(* Let $(V,g)$ be a Euclidean vector space of dimension $n\ge3$, $N=\frac{(n-1)(n+2)}{2}$, $\theta>-1$. Let $R$ be an algebraic curvature tensor on $V$ with Ricci tensor $\operatorname{Ric}$, and $\mathring{R}$ its induced curvature operator of the second kind with eigenvalue average $\bar\lambda$. (1) If $\mathring{R}\in\mathcal{C}(\alpha,\theta)$ with $1\le\alpha\le n$, then $\operatorname{Ric}\ge\frac{n-1}{\alpha+1}(1-\alpha\theta)\bar\lambda\, g$. (2) If $\mathring{R}\in\mathcal{C}(\alpha,\theta)$ with $n\le\alpha<N$, then $\operatorname{Ric}\ge(n-1)\frac{n^2-n(\alpha\theta+\alpha-1)+2(\alpha\theta-1)}{n^2+n-2(\alpha+1)}\bar\lambda\, g$. Moreover, strict inequalities hold if $\mathring{R}\in\mathring{\mathcal{C}}(\alpha,\theta)$.
   Context: $S^2_0(V)$ is the space of traceless symmetric two-tensors (dimension $N$). An algebraic curvature tensor is $R\in S^2(\wedge^2V)$ satisfying the first Bianchi identity. $\mathring{R}=\pi\circ\overline{R}:S^2_0(V)\to S^2_0(V)$ with $\overline{R}(h)_{ij}=\sum_{k,l}R_{iklj}h_{kl}$ and $\pi$ the projection onto traceless tensors. For a symmetric operator with eigenvalues $\lambda_1\le\cdots\le\lambda_N$ and average $\bar\lambda$, write $\lambda_1+\cdots+\lambda_\alpha:=\lambda_1+\cdots+\lambda_{[\alpha]}+(\alpha-[\alpha])\lambda_{[\alpha]+1}$; $\mathcal{C}(\alpha,\theta)$ is the cone of symmetric operators on $S^2_0(V)$ with $\alpha^{-1}(\lambda_1+\cdots+\lambda_\alpha)\ge-\theta\bar\lambda$, and $\mathring{\mathcal{C}}(\alpha,\theta)$ its interior. *)

theory Defs
  imports "HOL-Analysis.Analysis"
begin

text \<open>Coordinates with respect to an orthonormal basis of the Euclidean space (V,g),
  indexed by a finite type 'n with n = CARD('n); g is the identity matrix.\<close>

type_synonym 'n tens2 = "'n \<Rightarrow> 'n \<Rightarrow> real"
type_synonym 'n tens4 = "'n \<Rightarrow> 'n \<Rightarrow> 'n \<Rightarrow> 'n \<Rightarrow> real"

definition alg_curv_tensor :: "('n::finite) tens4 \<Rightarrow> bool" where
  "alg_curv_tensor R \<longleftrightarrow>
     (\<forall>i j k l. R i j k l = - R j i k l \<and> R i j k l = - R i j l k \<and> R i j k l = R k l i j
               \<and> R i j k l + R j k i l + R k i j l = 0)"

text \<open>Convention R(e_i,e_j,e_i,e_j) = sectional curvature; Ric_ik = sum_j R_ijkj.\<close>
definition ricci :: "('n::finite) tens4 \<Rightarrow> 'n tens2" where
  "ricci R = (\<lambda>i k. \<Sum>j\<in>UNIV. R i j k j)"

definition ric_ge :: "('n::finite) tens4 \<Rightarrow> real \<Rightarrow> bool" where
  "ric_ge R c \<longleftrightarrow> (\<forall>v::'n \<Rightarrow> real.
      (\<Sum>i\<in>UNIV. \<Sum>k\<in>UNIV. ricci R i k * v i * v k) \<ge> c * (\<Sum>i\<in>UNIV. (v i)\<^sup>2))"

definition ric_gt :: "('n::finite) tens4 \<Rightarrow> real \<Rightarrow> bool" where
  "ric_gt R c \<longleftrightarrow> (\<forall>v::'n \<Rightarrow> real. v \<noteq> (\<lambda>_. 0) \<longrightarrow>
      (\<Sum>i\<in>UNIV. \<Sum>k\<in>UNIV. ricci R i k * v i * v k) > c * (\<Sum>i\<in>UNIV. (v i)\<^sup>2))"

definition S20 :: "('n::finite) tens2 set" where
  "S20 = {h. (\<forall>i j. h i j = h j i) \<and> (\<Sum>i\<in>UNIV. h i i) = 0}"

definition tinner :: "('n::finite) tens2 \<Rightarrow> 'n tens2 \<Rightarrow> real" where
  "tinner h k = (\<Sum>i\<in>UNIV. \<Sum>j\<in>UNIV. h i j * k i j)"

text \<open>N = dim S^2_0(V) = (n-1)(n+2)/2.\<close>
definition dimS20 :: "nat \<Rightarrow> nat" where
  "dimS20 n = (n - 1) * (n + 2) div 2"

definition curv_bar :: "('n::finite) tens4 \<Rightarrow> 'n tens2 \<Rightarrow> 'n tens2" where
  "curv_bar R h = (\<lambda>i j. \<Sum>k\<in>UNIV. \<Sum>l\<in>UNIV. R i k l j * h k l)"

definition tf_proj :: "('n::finite) tens2 \<Rightarrow> 'n tens2" where
  "tf_proj h = (\<lambda>i j. h i j - (\<Sum>k\<in>UNIV. h k k) / real CARD('n) * (if i = j then 1 else 0))"

definition curv_op2 :: "('n::finite) tens4 \<Rightarrow> 'n tens2 \<Rightarrow> 'n tens2" where
  "curv_op2 R h = tf_proj (curv_bar R h)"

text \<open>lam_0 \<le> ... \<le> lam_(N-1) are the eigenvalues (with multiplicity) of the operator T
  on S^2_0(V): there is an orthonormal basis of S^2_0(V) of eigenvectors (N orthonormal
  elements of the N-dimensional space S^2_0 form a basis).\<close>
definition sorted_eigs :: "(('n::finite) tens2 \<Rightarrow> 'n tens2) \<Rightarrow> (nat \<Rightarrow> real) \<Rightarrow> bool" where
  "sorted_eigs T lam \<longleftrightarrow>
     (\<forall>i j. i \<le> j \<longrightarrow> j < dimS20 CARD('n) \<longrightarrow> lam i \<le> lam j) \<and>
     (\<exists>e::nat \<Rightarrow> 'n tens2.
        (\<forall>k < dimS20 CARD('n). e k \<in> S20 \<and> T (e k) = (\<lambda>i j. lam k * e k i j)) \<and>
        (\<forall>k < dimS20 CARD('n). \<forall>l < dimS20 CARD('n).
            tinner (e k) (e l) = (if k = l then 1 else 0)))"

definition eigs :: "(('n::finite) tens2 \<Rightarrow> 'n tens2) \<Rightarrow> nat \<Rightarrow> real" where
  "eigs T = (SOME lam. sorted_eigs T lam)"

definition eig_avg :: "(('n::finite) tens2 \<Rightarrow> 'n tens2) \<Rightarrow> real" where
  "eig_avg T = (\<Sum>k < dimS20 CARD('n). eigs T k) / real (dimS20 CARD('n))"

text \<open>lam_1 + ... + lam_alpha (1-indexed in the paper, 0-indexed here).\<close>
definition partial_eig_sum :: "(nat \<Rightarrow> real) \<Rightarrow> real \<Rightarrow> real" where
  "partial_eig_sum lam a =
     (\<Sum>k < nat \<lfloor>a\<rfloor>. lam k) + (a - of_int \<lfloor>a\<rfloor>) * lam (nat \<lfloor>a\<rfloor>)"

definition in_cone :: "(('n::finite) tens2 \<Rightarrow> 'n tens2) \<Rightarrow> real \<Rightarrow> real \<Rightarrow> bool" where
  "in_cone T a \<theta> \<longleftrightarrow> partial_eig_sum (eigs T) a / a \<ge> - \<theta> * eig_avg T"

definition in_cone_int :: "(('n::finite) tens2 \<Rightarrow> 'n tens2) \<Rightarrow> real \<Rightarrow> real \<Rightarrow> bool" where
  "in_cone_int T a \<theta> \<longleftrightarrow> partial_eig_sum (eigs T) a / a > - \<theta> * eig_avg T"

end

theory Submission
  imports Defs
begin

(* For a unit vector v, the traceless tensors Y_p = e_p . v - v_p g/n (symmetrised product,
   p = 1..n) and Z = v (x) v - g/n satisfy, with R the curvature operator of the second kind,
     2 sum_p <R Y_p, Y_p> - 2 <R Z, Z> = Ric(v,v)  and
     n/(n-1) <R Z, Z> = 2 Ric(v,v)/(n-1) - lambda_bar.
   In an orthonormal eigenbasis e_k of R the left-hand sides are sum_k lambda_k P_k and
   sum_k lambda_k Q_k, where P_k = 2 sum_p <e_k,Y_p>^2 - 2 <e_k,Z>^2 and Q_k = n/(n-1) <e_k,Z>^2.
   These weights satisfy sum P_k = n - 1, sum Q_k = 1, P_k, Q_k >= 0 and P_k + Q_k <= 1, the last
   by Cauchy-Schwarz for the compression of e_k to the hyperplane orthogonal to v. Hence any
   w = alpha P + beta Q + gamma with values in [0,1] and total mass a bounds lambda_1 + ... +
   lambda_a from above, since the smallest eigenvalues minimise sum_k lambda_k w_k. The choices
   (alpha, beta, gamma) = ((a-1)/(n-1), 1, 0) for a <= n and (1-t, 1-t, t), t = (a-n)/(N-n),
   for a >= n, compared with the cone condition, give the two Ricci bounds. *)

section \<open>Spectral theorem for self-adjoint operators\<close>

lemma selfadjoint_minimizer_orthogonal:
  fixes T :: "'a::euclidean_space \<Rightarrow> 'a"
  assumes lin: "linear T" and sub: "subspace V"
    and sym: "\<forall>x\<in>V. \<forall>y\<in>V. T x \<bullet> y = x \<bullet> T y"
    and xV: "x \<in> V" and minq: "\<forall>z\<in>V. (T x \<bullet> x) * (z \<bullet> z) \<le> T z \<bullet> z"
    and yV: "y \<in> V" and xy: "x \<bullet> y = 0" and xx: "x \<bullet> x = 1"
  shows "T x \<bullet> y = 0"
proof (rule ccontr)
  assume b0: "T x \<bullet> y \<noteq> 0"
  define b where "b = T x \<bullet> y"
  define \<mu> where "\<mu> = T x \<bullet> x"
  define c where "c = T y \<bullet> y - \<mu> * (y \<bullet> y)"
  have quadratic_nonneg: "0 \<le> 2 * t * b + t * t * c" for t
  proof -
    have "x + t *\<^sub>R y \<in> V" using sub xV yV by (simp add: subspace_add subspace_scale)
    then have "\<mu> * ((x + t *\<^sub>R y) \<bullet> (x + t *\<^sub>R y)) \<le> T (x + t *\<^sub>R y) \<bullet> (x + t *\<^sub>R y)"
      using minq \<mu>_def by blast
    moreover have "T y \<bullet> x = b" using sym xV yV b_def by (simp add: inner_commute)
    ultimately show ?thesis
      using xy xx unfolding c_def \<mu>_def b_def
      by (simp add: linear_add[OF lin] linear_scale[OF lin] inner_add_left inner_add_right
          inner_commute algebra_simps)
  qed
  define t where "t = - b / (\<bar>c\<bar> + 1)"
  have pos: "\<bar>c\<bar> + 1 > 0" by simp
  have "2 * t * b + t * t * c \<le> 2 * t * b + t * t * (\<bar>c\<bar> + 1)"
    by (intro add_left_mono mult_left_mono) auto
  also have "\<dots> = - (b * b) / (\<bar>c\<bar> + 1)"
    using pos unfolding t_def by (simp add: divide_simps)
  also have "\<dots> < 0"
  proof -
    have "b * b > 0" using b0 b_def by (metis not_real_square_gt_zero)
    then show ?thesis using pos by (simp add: divide_neg_pos)
  qed
  finally show False using quadratic_nonneg[of t] by linarith
qed

lemma selfadjoint_minimizer_eigenvector:
  fixes T :: "'a::euclidean_space \<Rightarrow> 'a"
  assumes lin: "linear T" and sub: "subspace V" and inv: "\<forall>x\<in>V. T x \<in> V"
    and sym: "\<forall>x\<in>V. \<forall>y\<in>V. T x \<bullet> y = x \<bullet> T y"
    and xV: "x \<in> V" and minq: "\<forall>z\<in>V. (T x \<bullet> x) * (z \<bullet> z) \<le> T z \<bullet> z"
    and xx: "x \<bullet> x = 1"
  shows "T x = (T x \<bullet> x) *\<^sub>R x"
proof -
  define r where "r = T x - (T x \<bullet> x) *\<^sub>R x"
  have rV: "r \<in> V" unfolding r_def using inv xV sub by (simp add: subspace_diff subspace_scale)
  have rx: "x \<bullet> r = 0" unfolding r_def using xx by (simp add: inner_diff_right inner_commute)
  have "T x \<bullet> r = 0" using selfadjoint_minimizer_orthogonal[OF lin sub sym xV minq rV rx xx] .
  then have "r \<bullet> r = 0" using rx unfolding r_def by (simp add: inner_diff_left)
  then show ?thesis unfolding r_def by simp
qed

lemma selfadjoint_min_eigenvector_exists:
  fixes T :: "'a::euclidean_space \<Rightarrow> 'a"
  assumes lin: "linear T" and sub: "subspace V" and nz: "dim V \<noteq> 0"
    and inv: "\<forall>x\<in>V. T x \<in> V" and sym: "\<forall>x\<in>V. \<forall>y\<in>V. T x \<bullet> y = x \<bullet> T y"
  obtains x where "x \<in> V" "x \<bullet> x = 1" "T x = (T x \<bullet> x) *\<^sub>R x"
    "\<forall>z\<in>V. (T x \<bullet> x) * (z \<bullet> z) \<le> T z \<bullet> z"
proof -
  define S where "S = V \<inter> sphere 0 1"
  have normalized_in_S: "z /\<^sub>R norm z \<in> S" if "z \<in> V" "z \<noteq> 0" for z
    using that sub unfolding S_def by (simp add: subspace_scale)
  obtain v where "v \<in> V" "v \<noteq> 0" using nz dim_eq_0[of V] by auto
  then have "S \<noteq> {}" using normalized_in_S by blast
  moreover have "compact S" unfolding S_def
    using closed_subspace[OF sub] compact_sphere by (rule closed_Int_compact)
  moreover have "continuous_on S (\<lambda>z. T z \<bullet> z)"
    using lin by (intro continuous_intros linear_continuous_on)
      (simp add: linear_conv_bounded_linear)
  ultimately obtain x where xS: "x \<in> S" and xmin: "\<forall>y\<in>S. T x \<bullet> x \<le> T y \<bullet> y"
    using continuous_attains_inf by blast
  have xV: "x \<in> V" and xx: "x \<bullet> x = 1" using xS unfolding S_def by (auto simp: dot_square_norm)
  have minq: "\<forall>z\<in>V. (T x \<bullet> x) * (z \<bullet> z) \<le> T z \<bullet> z"
  proof
    fix z assume zV: "z \<in> V"
    show "(T x \<bullet> x) * (z \<bullet> z) \<le> T z \<bullet> z"
    proof (cases "z = 0")
      case True
      then show ?thesis using linear_0[OF lin] by simp
    next
      case False
      have "T x \<bullet> x \<le> T (z /\<^sub>R norm z) \<bullet> (z /\<^sub>R norm z)"
        using xmin normalized_in_S[OF zV False] by blast
      also have "\<dots> = (T z \<bullet> z) / (norm z)\<^sup>2"
        by (simp add: linear_scale[OF lin] power2_eq_square divide_simps)
      finally show ?thesis using False by (simp add: divide_simps dot_square_norm)
    qed
  qed
  show ?thesis
    using that[OF xV xx selfadjoint_minimizer_eigenvector[OF lin sub inv sym xV minq xx] minq] .
qed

_ _ _ _ _

EXERCISE DESCRIPTION:
The word "blast" appears in some of the lines above. Copy those lines.

EXERCISE OUTPUT:
      using minq \<mu>_def by blast
  then have "S \<noteq> {}" using normalized_in_S by blast
    using continuous_attains_inf by blast
        using xmin normalized_in_S[OF zV False] by blast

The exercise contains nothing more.